Start of Material to process

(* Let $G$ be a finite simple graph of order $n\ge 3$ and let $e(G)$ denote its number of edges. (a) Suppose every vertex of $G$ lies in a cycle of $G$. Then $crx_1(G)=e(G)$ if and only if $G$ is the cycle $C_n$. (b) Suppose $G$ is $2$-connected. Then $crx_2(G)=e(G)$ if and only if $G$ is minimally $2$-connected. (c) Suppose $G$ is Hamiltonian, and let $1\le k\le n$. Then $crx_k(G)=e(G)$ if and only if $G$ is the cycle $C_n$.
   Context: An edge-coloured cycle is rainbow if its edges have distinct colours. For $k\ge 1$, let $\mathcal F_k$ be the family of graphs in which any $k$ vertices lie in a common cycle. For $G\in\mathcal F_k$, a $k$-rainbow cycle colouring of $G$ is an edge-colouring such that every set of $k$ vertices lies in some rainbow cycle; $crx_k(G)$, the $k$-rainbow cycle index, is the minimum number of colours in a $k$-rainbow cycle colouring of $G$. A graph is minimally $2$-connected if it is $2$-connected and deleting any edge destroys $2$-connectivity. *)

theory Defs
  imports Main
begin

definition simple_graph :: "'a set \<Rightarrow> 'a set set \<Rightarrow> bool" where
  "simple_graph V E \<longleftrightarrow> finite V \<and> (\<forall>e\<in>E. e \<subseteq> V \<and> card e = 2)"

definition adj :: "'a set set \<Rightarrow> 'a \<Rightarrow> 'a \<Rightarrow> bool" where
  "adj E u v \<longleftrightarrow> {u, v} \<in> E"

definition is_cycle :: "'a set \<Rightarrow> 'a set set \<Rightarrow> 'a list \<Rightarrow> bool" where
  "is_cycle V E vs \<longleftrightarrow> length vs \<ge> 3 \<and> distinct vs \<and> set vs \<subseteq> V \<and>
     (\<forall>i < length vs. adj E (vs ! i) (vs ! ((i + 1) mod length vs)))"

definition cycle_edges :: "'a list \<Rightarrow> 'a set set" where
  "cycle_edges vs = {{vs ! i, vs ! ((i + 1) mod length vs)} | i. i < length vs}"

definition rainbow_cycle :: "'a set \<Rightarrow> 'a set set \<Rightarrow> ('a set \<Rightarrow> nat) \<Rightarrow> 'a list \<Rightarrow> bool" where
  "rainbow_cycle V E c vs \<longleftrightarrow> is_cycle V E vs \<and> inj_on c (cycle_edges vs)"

End of Material to process

Your objective
All the records shown above need to be given again exactly.

Solution
(* Let $G$ be a finite simple graph of order $n\ge 3$ and let $e(G)$ denote its number of edges. (a) Suppose every vertex of $G$ lies in a cycle of $G$. Then $crx_1(G)=e(G)$ if and only if $G$ is the cycle $C_n$. (b) Suppose $G$ is $2$-connected. Then $crx_2(G)=e(G)$ if and only if $G$ is minimally $2$-connected. (c) Suppose $G$ is Hamiltonian, and let $1\le k\le n$. Then $crx_k(G)=e(G)$ if and only if $G$ is the cycle $C_n$.
   Context: An edge-coloured cycle is rainbow if its edges have distinct colours. For $k\ge 1$, let $\mathcal F_k$ be the family of graphs in which any $k$ vertices lie in a common cycle. For $G\in\mathcal F_k$, a $k$-rainbow cycle colouring of $G$ is an edge-colouring such that every set of $k$ vertices lies in some rainbow cycle; $crx_k(G)$, the $k$-rainbow cycle index, is the minimum number of colours in a $k$-rainbow cycle colouring of $G$. A graph is minimally $2$-connected if it is $2$-connected and deleting any edge destroys $2$-connectivity. *)

theory Defs
  imports Main
begin

definition simple_graph :: "'a set \<Rightarrow> 'a set set \<Rightarrow> bool" where
  "simple_graph V E \<longleftrightarrow> finite V \<and> (\<forall>e\<in>E. e \<subseteq> V \<and> card e = 2)"

definition adj :: "'a set set \<Rightarrow> 'a \<Rightarrow> 'a \<Rightarrow> bool" where
  "adj E u v \<longleftrightarrow> {u, v} \<in> E"

definition is_cycle :: "'a set \<Rightarrow> 'a set set \<Rightarrow> 'a list \<Rightarrow> bool" where
  "is_cycle V E vs \<longleftrightarrow> length vs \<ge> 3 \<and> distinct vs \<and> set vs \<subseteq> V \<and>
     (\<forall>i < length vs. adj E (vs ! i) (vs ! ((i + 1) mod length vs)))"

definition cycle_edges :: "'a list \<Rightarrow> 'a set set" where
  "cycle_edges vs = {{vs ! i, vs ! ((i + 1) mod length vs)} | i. i < length vs}"

definition rainbow_cycle :: "'a set \<Rightarrow> 'a set set \<Rightarrow> ('a set \<Rightarrow> nat) \<Rightarrow> 'a list \<Rightarrow> bool" where
  "rainbow_cycle V E c vs \<longleftrightarrow> is_cycle V E vs \<and> inj_on c (cycle_edges vs)"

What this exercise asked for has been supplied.